#### ENTRIES SUPPLIED

lemma Ftilde_le_on_horizontal_segment:
  assumes "c \<noteq> 0" "n > 0" "\<And>i. i < d \<Longrightarrow> of_real (lam i) - s\<^sup>2 \<noteq> 0"
    and "1 \<le> X" "X \<le> C0" "Re (s\<^sup>2) = X\<^sup>2 - C0\<^sup>2" "(\<Sum>i<d. cmod (of_real (lam i) - s\<^sup>2)) \<le> C0"
    and "t \<in> closed_segment (Complex X C0) (Complex C0 C0)"
  shows "0 < Re t \<and> Re t \<le> Im t \<and> Ftilde c lam d n t \<le> Ftilde c lam d n s"
proof -
  have t: "Im t = C0" "X \<le> Re t" "Re t \<le> C0"
    using assms(5,8) by (auto simp: closed_segment_same_Im closed_segment_eq_real_ivl)
  have "X\<^sup>2 \<le> (Re t)\<^sup>2"
    using t assms(4) by (intro power_mono) auto
  then have Re_le: "Re (s\<^sup>2) \<le> Re (t\<^sup>2)"
    using assms(6) t by (simp add: Re_power2)
  have "0 \<le> C0"
    using assms(4,5) by linarith
  have "1 * C0 \<le> (2 * Re t) * C0"
    using t assms(4) \<open>0 \<le> C0\<close> by (intro mult_right_mono) auto
  also have "\<dots> = \<bar>Im (t\<^sup>2)\<bar>"
    using t assms(4) \<open>0 \<le> C0\<close> by (simp add: Im_power2 abs_mult)
  finally have "(\<Sum>i<d. cmod (of_real (lam i) - s\<^sup>2)) \<le> \<bar>Im (t\<^sup>2)\<bar>"
    using assms(7) by simp
  then have "Ftilde c lam d n t \<le> Ftilde c lam d n s"
    using Re_le assms(1-3) by (intro Ftilde_le_of_Im_square_ge)
  with t assms(4) show ?thesis
    by simp
qed

lemma corner_abscissa_bounds:
  fixes k u C0 :: real
  assumes "0 < k" "k < u" "u + 1 \<le> C0"
  defines "X \<equiv> sqrt (C0\<^sup>2 + k\<^sup>2 - u\<^sup>2)"
  shows "X\<^sup>2 = C0\<^sup>2 + k\<^sup>2 - u\<^sup>2" "1 \<le> X" "k \<le> X" "X \<le> C0"
proof -
  have "k\<^sup>2 < u\<^sup>2"
    using assms(1,2) by (simp add: power_strict_mono)
  have "(u + 1)\<^sup>2 \<le> C0\<^sup>2"
    using assms(1-3) by (intro power_mono) auto
  then have "u\<^sup>2 + 1 \<le> C0\<^sup>2"
    using assms(1,2) by (simp add: power2_sum)
  then have "0 \<le> C0\<^sup>2 + k\<^sup>2 - u\<^sup>2"
    using zero_le_power2[of k] by linarith
  then have X_sq: "X\<^sup>2 = C0\<^sup>2 + k\<^sup>2 - u\<^sup>2" and "0 \<le> X"
    unfolding X_def by simp_all
  show "X\<^sup>2 = C0\<^sup>2 + k\<^sup>2 - u\<^sup>2"
    by (fact X_sq)
  have "0 \<le> C0"
    using assms(1-3) by linarith
  have "1 \<le> X\<^sup>2"
    using X_sq \<open>u\<^sup>2 + 1 \<le> C0\<^sup>2\<close> zero_le_power2[of k] by linarith
  then show "1 \<le> X"
    using \<open>0 \<le> X\<close> by (intro power2_le_imp_le[of 1 X]) simp_all
  show "k \<le> X"
    by (rule power2_le_imp_le) (use X_sq \<open>u\<^sup>2 + 1 \<le> C0\<^sup>2\<close> \<open>0 \<le> X\<close> in auto)
  show "X \<le> C0"
    by (rule power2_le_imp_le) (use X_sq \<open>k\<^sup>2 < u\<^sup>2\<close> \<open>0 \<le> C0\<close> in auto)
qed

lemma exists_contour_Ftilde_le:
  assumes "c \<noteq> 0" "n > 0" "0 < k" "k < u" "u + 1 \<le> C0"
    and "(\<Sum>i<d. cmod (of_real (lam i) - (Complex k u)\<^sup>2)) \<le> C0"
  shows "\<exists>g. valid_path g \<and> path_image g \<subseteq> {t. 0 < Re t \<and> Re t \<le> Im t} \<and>
           Complex k u \<in> path_image g \<and> Complex C0 C0 \<in> path_image g \<and>
           (\<forall>t\<in>path_image g. Ftilde c lam d n t \<le> Ftilde c lam d n (Complex k u))"
proof -
  define s where "s = Complex k u"
  have s_sq: "s\<^sup>2 = Complex (k\<^sup>2 - u\<^sup>2) (2 * k * u)"
    unfolding s_def by (simp add: complex_eq_iff power2_eq_square)
  have s_nz: "of_real (lam i) - s\<^sup>2 \<noteq> 0" for i
    using assms(3,4) by (auto simp: s_sq complex_eq_iff)
  define X where "X = sqrt (C0\<^sup>2 + k\<^sup>2 - u\<^sup>2)"
  have X: "X\<^sup>2 = C0\<^sup>2 + k\<^sup>2 - u\<^sup>2" "1 \<le> X" "k \<le> X" "X \<le> C0"
    unfolding X_def using assms(3-5) by (rule corner_abscissa_bounds)+
  define corner where "corner = Complex X C0"
  have corner_sq: "corner\<^sup>2 = Complex (k\<^sup>2 - u\<^sup>2) (2 * X * C0)"
    unfolding corner_def using X(1) by (simp add: complex_eq_iff power2_eq_square)
  define arc where "arc = csqrt \<circ> linepath (s\<^sup>2) (corner\<^sup>2)"
  define seg where "seg = linepath corner (Complex C0 C0)"
  have "k * u \<le> X * C0"
    using X(2,3) assms(3-5) by (intro mult_mono) auto
  then have arc_props: "valid_path arc"
      "\<And>t. t \<in> path_image arc \<Longrightarrow> 0 < Re t \<and> Re t \<le> Im t \<and> Re (t\<^sup>2) = Re (s\<^sup>2) \<and> Im (s\<^sup>2) \<le> Im (t\<^sup>2)"
    unfolding arc_def using csqrt_vertical_linepath[of "s\<^sup>2" "corner\<^sup>2"] assms(3,4)
    by (auto simp: s_sq corner_sq)
  have arc_ends: "pathstart arc = s" "pathfinish arc = corner"
    unfolding arc_def s_def corner_def using assms(3) X(2)
    by (auto simp: pathstart_compose pathfinish_compose intro!: csqrt_square)
  have arc_le: "Ftilde c lam d n t \<le> Ftilde c lam d n s" if "t \<in> path_image arc" for t
    using arc_props(2)[OF that] assms by (intro Ftilde_le_of_Re_square_eq) (auto simp: s_sq)
  have seg_props: "0 < Re t \<and> Re t \<le> Im t \<and> Ftilde c lam d n t \<le> Ftilde c lam d n s"
    if "t \<in> path_image seg" for t
    using that assms(1,2,6) s_nz X(1,2,4)
    by (intro Ftilde_le_on_horizontal_segment) (auto simp: seg_def corner_def s_def[symmetric] s_sq)
  have image: "path_image (arc +++ seg) = path_image arc \<union> path_image seg"
    using arc_ends by (simp add: path_image_join seg_def)
  show ?thesis
    unfolding s_def[symmetric]
  proof (intro exI conjI)
    show "valid_path (arc +++ seg)"
      using arc_props(1) arc_ends by (intro valid_path_join) (auto simp: seg_def)
    show "path_image (arc +++ seg) \<subseteq> {t. 0 < Re t \<and> Re t \<le> Im t}"
      unfolding image using arc_props(2) seg_props by blast
    show "s \<in> path_image (arc +++ seg)"
      unfolding image using pathstart_in_path_image[of arc] arc_ends by auto
    show "Complex C0 C0 \<in> path_image (arc +++ seg)"
      unfolding image using pathfinish_in_path_image[of seg] by (auto simp: seg_def)
    show "\<forall>t\<in>path_image (arc +++ seg). Ftilde c lam d n t \<le> Ftilde c lam d n s"
      unfolding image using arc_le seg_props by blast
  qed
qed

lemma exists_descent_contour:
  assumes "c \<noteq> 0" "\<And>i. i < d \<Longrightarrow> 0 \<le> lam i" "n > 0" "0 < k" "k < u"
    and saddle: "(\<Sum>i<d. 1 / (u\<^sup>2 + lam i)) = n"
  shows "\<exists>C1. \<forall>C0\<ge>C1. \<exists>g. valid_path g \<and> path_image g \<subseteq> {t. 0 < Re t \<and> pi / 4 \<le> Arg t} \<and>
           Complex k u \<in> path_image g \<and> Complex C0 C0 \<in> path_image g \<and>
           (\<exists>\<sigma>>0. \<forall>t\<in>path_image g. Ftilde c lam d n t \<le> Ftilde c lam d n (Complex 0 u) - \<sigma>)"
proof (intro exI[of _ "max (u + 1) (\<Sum>i<d. cmod (of_real (lam i) - (Complex k u)\<^sup>2))"] allI impI)
  define \<sigma> where "\<sigma> = Ftilde c lam d n (Complex 0 u) - Ftilde c lam d n (Complex k u)"
  have "\<sigma> > 0"
    unfolding \<sigma>_def using Ftilde_saddle_shift_lt[OF assms] by simp
  fix C0 assume "max (u + 1) (\<Sum>i<d. cmod (of_real (lam i) - (Complex k u)\<^sup>2)) \<le> C0"
  then have C0: "u + 1 \<le> C0" "(\<Sum>i<d. cmod (of_real (lam i) - (Complex k u)\<^sup>2)) \<le> C0"
    by simp_all
  obtain g where g: "valid_path g" "path_image g \<subseteq> {t. 0 < Re t \<and> Re t \<le> Im t}"
      "Complex k u \<in> path_image g" "Complex C0 C0 \<in> path_image g"
      "\<forall>t\<in>path_image g. Ftilde c lam d n t \<le> Ftilde c lam d n (Complex k u)"
    using exists_contour_Ftilde_le[OF assms(1,3-5) C0] by blast
  have "path_image g \<subseteq> {t. 0 < Re t \<and> pi / 4 \<le> Arg t}"
    using g(2) Arg_ge_pi_div_4 by blast
  moreover have "\<forall>t\<in>path_image g. Ftilde c lam d n t \<le> Ftilde c lam d n (Complex 0 u) - \<sigma>"
    using g(5) unfolding \<sigma>_def by simp
  ultimately show "\<exists>g. valid_path g \<and> path_image g \<subseteq> {t. 0 < Re t \<and> pi / 4 \<le> Arg t} \<and>
      Complex k u \<in> path_image g \<and> Complex C0 C0 \<in> path_image g \<and>
      (\<exists>\<sigma>>0. \<forall>t\<in>path_image g. Ftilde c lam d n t \<le> Ftilde c lam d n (Complex 0 u) - \<sigma>)"
    using g(1,3,4) \<open>\<sigma> > 0\<close> by blast
qed

theorem lemma1:
  fixes A0 :: "complex^'n^'n" and z :: complex and ustar :: real
  assumes upos: "ustar > 0"
    and usol: "trace (Gres A0 z (complex_of_real (ustar^2))) / of_nat CARD('n) = 1"
  shows "\<exists>\<kappa>0>0. \<forall>\<kappa>. 0 < \<kappa> \<and> \<kappa> < \<kappa>0 \<longrightarrow> \<kappa> < ustar \<and>
           (\<exists>C1. \<forall>C0::real. C0 \<ge> C1 \<and>
               (det (Y0 A0 z) = 0 \<or> ln (C0^2) > ln (cmod (det (Y0 A0 z))) / real CARD('n) + 2)
             \<longrightarrow> (\<exists>g. valid_path g \<and>
                    path_image g \<subseteq> {t. Re t > 0 \<and> Arg t \<ge> pi/4} \<and>
                    \<i> * complex_of_real ustar + complex_of_real \<kappa> \<in> path_image g \<and>
                    \<i> * complex_of_real C0 + complex_of_real C0 \<in> path_image g \<and>
                    (\<exists>\<sigma>>0. \<forall>t\<in>path_image g.
                        ReFt A0 z t \<le> ReFt A0 z (\<i> * complex_of_real ustar) - \<sigma>)))"
proof -
  obtain c d lam where "c \<noteq> 0" "\<And>i. i < (d::nat) \<Longrightarrow> 0 \<le> lam i"
    and factor: "\<And>v. det (Y0 A0 z + mat v) = c * (\<Prod>i<d. v + of_real (lam i))"
    using det_mult_cadj_plus_mat_factor[of "A0 - mat z", folded Y0_def] by blast
  define n where "n = real CARD('n)"
  have "n > 0"
    unfolding n_def by simp
  have ReFt_eq: "ReFt A0 z = Ftilde c lam d n"
    by (simp add: fun_eq_iff ReFt_def ReLn_def Ftilde_def factor n_def)
  have "det (Y0 A0 z + mat (of_real (ustar\<^sup>2))) \<noteq> 0"
    unfolding Y0_def using upos by (intro det_mult_cadj_plus_mat_nonzero) simp
  then have "trace (Gres A0 z (of_real (ustar\<^sup>2))) = of_real (\<Sum>i<d. 1 / (ustar\<^sup>2 + lam i))"
    unfolding Gres_def by (subst trace_matrix_inv_plus_mat[OF factor]) simp_all
  then have saddle: "(\<Sum>i<d. 1 / (ustar\<^sup>2 + lam i)) = n"
    using usol unfolding n_def by (metis divide_eq_1_iff of_real_eq_iff of_real_of_nat_eq)
  have points: "\<And>y. \<i> * complex_of_real y = Complex 0 y" "\<And>x y. Complex 0 y + complex_of_real x = Complex x y"
    by (simp_all add: complex_eq_iff)
  have contour: "\<exists>C1. \<forall>C0\<ge>C1. \<exists>g. valid_path g \<and> path_image g \<subseteq> {t. 0 < Re t \<and> pi / 4 \<le> Arg t} \<and>
      Complex \<kappa> ustar \<in> path_image g \<and> Complex C0 C0 \<in> path_image g \<and>
      (\<exists>\<sigma>>0. \<forall>t\<in>path_image g. Ftilde c lam d n t \<le> Ftilde c lam d n (Complex 0 ustar) - \<sigma>)"
    if "0 < \<kappa>" "\<kappa> < ustar" for \<kappa>
    using exists_descent_contour[OF \<open>c \<noteq> 0\<close> \<open>\<And>i. i < d \<Longrightarrow> 0 \<le> lam i\<close> \<open>n > 0\<close> that saddle] .
  have weaken: "(\<exists>C1. \<forall>C0\<ge>C1. P C0) \<Longrightarrow> \<exists>C1::real. \<forall>C0. C1 \<le> C0 \<and> Q C0 \<longrightarrow> P C0" for P Q
    by blast
  show ?thesis
    unfolding ReFt_eq points
    by (rule exI[of _ ustar], intro conjI allI impI weaken contour) (use upos in auto)
qed

end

########

◆ TASK PROMPT ◆
Read the lines above. Gather those in which the string "weaken" is found.

◆ ANSWER TO THIS TASK ◆
  have weaken: "(\<exists>C1. \<forall>C0\<ge>C1. P C0) \<Longrightarrow> \<exists>C1::real. \<forall>C0. C1 \<le> C0 \<and> Q C0 \<longrightarrow> P C0" for P Q
    by (rule exI[of _ ustar], intro conjI allI impI weaken contour) (use upos in auto)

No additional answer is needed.